▸ Try it
Lift every line from the entries that includes the word "else".

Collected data
lemma Wt_nonneg:
  assumes W_nonneg: "\<forall>k\<in>{1..n}. W i k \<ge> 0" and W_sum: "(\<Sum>k\<in>{1..n}. W i k) = 1"
    and i: "i \<in> {1..n}" and j: "j \<in> {1..n}"
  shows "Wt n W Et i j \<ge> 0"
proof (cases "j = i")
  case True
  have "(\<Sum>k\<in>{1..n} - {i}. if (i, k) \<in> Et then W i k else 0) \<le> (\<Sum>k\<in>{1..n} - {i}. W i k)"
    by (rule sum_mono) (use W_nonneg in auto)
  also have "\<dots> = 1 - W i i"
    using W_sum i by (simp add: sum.remove)
  also have "\<dots> \<le> 1" using W_nonneg i by simp
  finally show ?thesis using True unfolding Wt_def by simp
next
  case False
  then show ?thesis using W_nonneg j by (simp add: Wt_off_diag)
qed

lemma Wt_scaled_Ints:
  assumes "\<forall>(i, j)\<in>Et. real D * W i j \<in> \<int>"
  shows "real D * Wt n W Et i j \<in> \<int>"
proof -
  have Et_Ints: "real D * (if (i, k) \<in> Et then W i k else 0) \<in> \<int>" for k
    using assms by auto
  show ?thesis
  proof (cases "j = i")
    case True
    have "real D * Wt n W Et i j
        = real D - (\<Sum>k\<in>{1..n} - {i}. real D * (if (i, k) \<in> Et then W i k else 0))"
      using True unfolding Wt_def by (simp add: right_diff_distrib sum_distrib_left)
    also have "\<dots> \<in> \<int>" using Et_Ints by (intro Ints_diff Ints_sum) auto
    finally show ?thesis .
  next
    case False
    then show ?thesis using Et_Ints by (simp add: Wt_off_diag)
  qed
qed

lemma convex_combination_bounds:
  fixes w f :: "'a \<Rightarrow> real"
  assumes "\<forall>j\<in>J. w j \<ge> 0" "(\<Sum>j\<in>J. w j) = 1" "\<forall>j\<in>J. a \<le> f j \<and> f j \<le> b"
  shows "a \<le> (\<Sum>j\<in>J. w j * f j) \<and> (\<Sum>j\<in>J. w j * f j) \<le> b"
proof
  have "a = (\<Sum>j\<in>J. w j * a)" using assms(2) by (simp add: sum_distrib_right[symmetric])
  also have "\<dots> \<le> (\<Sum>j\<in>J. w j * f j)"
    by (rule sum_mono) (use assms(1,3) in \<open>auto intro: mult_left_mono\<close>)
  finally show "a \<le> (\<Sum>j\<in>J. w j * f j)" .
  have "(\<Sum>j\<in>J. w j * f j) \<le> (\<Sum>j\<in>J. w j * b)"
    by (rule sum_mono) (use assms(1,3) in \<open>auto intro: mult_left_mono\<close>)
  also have "\<dots> = b" using assms(2) by (simp add: sum_distrib_right[symmetric])
  finally show "(\<Sum>j\<in>J. w j * f j) \<le> b" .
qed

lemma quantized_averaging_bounds:
  fixes a b :: int and Y :: "nat \<Rightarrow> 'i \<Rightarrow> real"
  assumes Q: "integer_quantizer Q"
    and rec: "\<forall>t\<ge>T. \<forall>i\<in>I. Y (Suc t) i = (\<Sum>j\<in>I. w t i j * Q (Y t j)) + Y t i - Q (Y t i)"
    and w_nonneg: "\<forall>t\<ge>T. \<forall>i\<in>I. \<forall>j\<in>I. w t i j \<ge> 0"
    and w_sum: "\<forall>t\<ge>T. \<forall>i\<in>I. (\<Sum>j\<in>I. w t i j) = 1"
    and init: "\<forall>j\<in>I. of_int a \<le> Q (Y T j) \<and> Q (Y T j) \<le> of_int b"
    and "t \<ge> T" "i \<in> I"
  shows "of_int a \<le> Q (Y t i) \<and> Q (Y t i) \<le> of_int b"
  using \<open>t \<ge> T\<close> \<open>i \<in> I\<close>
proof (induction t arbitrary: i rule: dec_induct)
  case base
  then show ?case using init by blast
next
  case (step s)
  define c where "c = (\<Sum>j\<in>I. w s i j * Q (Y s j))"
  have "of_int a \<le> c \<and> c \<le> of_int b"
    unfolding c_def by (rule convex_combination_bounds) (use step w_nonneg w_sum in auto)
  moreover have "Y (Suc s) i = c + (Y s i - Q (Y s i))"
    using rec step.hyps step.prems unfolding c_def by simp
  ultimately show ?case using integer_quantizer_carry[OF Q, of a c b "Y s i"] by simp
qed

lemma quantized_averaging_lattice:
  fixes Y :: "nat \<Rightarrow> 'i \<Rightarrow> real"
  assumes Q: "integer_quantizer Q"
    and rec: "\<forall>t\<ge>T. \<forall>i\<in>I. Y (Suc t) i = (\<Sum>j\<in>I. w t i j * Q (Y t j)) + Y t i - Q (Y t i)"
    and w_Ints: "\<forall>t\<ge>T. \<forall>i\<in>I. \<forall>j\<in>I. real D * w t i j \<in> \<int>"
    and "t \<ge> T" "i \<in> I"
  shows "real D * (Y t i - Y T i) \<in> \<int>"
  using \<open>t \<ge> T\<close> \<open>i \<in> I\<close>
proof (induction t arbitrary: i rule: dec_induct)
  case base
  then show ?case by simp
next
  case (step s)
  have Y_Suc: "Y (Suc s) i = (\<Sum>j\<in>I. w s i j * Q (Y s j)) + Y s i - Q (Y s i)"
    using rec step.hyps step.prems by simp
  have "real D * (Y (Suc s) i - Y T i) = real D * (Y s i - Y T i)
      + (\<Sum>j\<in>I. (real D * w s i j) * Q (Y s j)) - real D * Q (Y s i)"
    unfolding Y_Suc by (simp add: algebra_simps sum_distrib_left)
  also have "\<dots> \<in> \<int>"
  proof -
    have "real D * (Y s i - Y T i) \<in> \<int>" using step.IH step.prems by blast
    moreover have "(\<Sum>j\<in>I. (real D * w s i j) * Q (Y s j)) \<in> \<int>"
      by (rule Ints_sum, rule Ints_mult) (use step w_Ints integer_quantizer_Ints[OF Q] in auto)
    moreover have "real D * Q (Y s i) \<in> \<int>"
      using integer_quantizer_Ints[OF Q] by (intro Ints_mult) auto
    ultimately show ?thesis by (intro Ints_diff Ints_add)
  qed
  finally show ?case .
qed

▸ Response to this task
  have "(\<Sum>k\<in>{1..n} - {i}. if (i, k) \<in> Et then W i k else 0) \<le> (\<Sum>k\<in>{1..n} - {i}. W i k)"
  have Et_Ints: "real D * (if (i, k) \<in> Et then W i k else 0) \<in> \<int>" for k
        = real D - (\<Sum>k\<in>{1..n} - {i}. real D * (if (i, k) \<in> Et then W i k else 0))"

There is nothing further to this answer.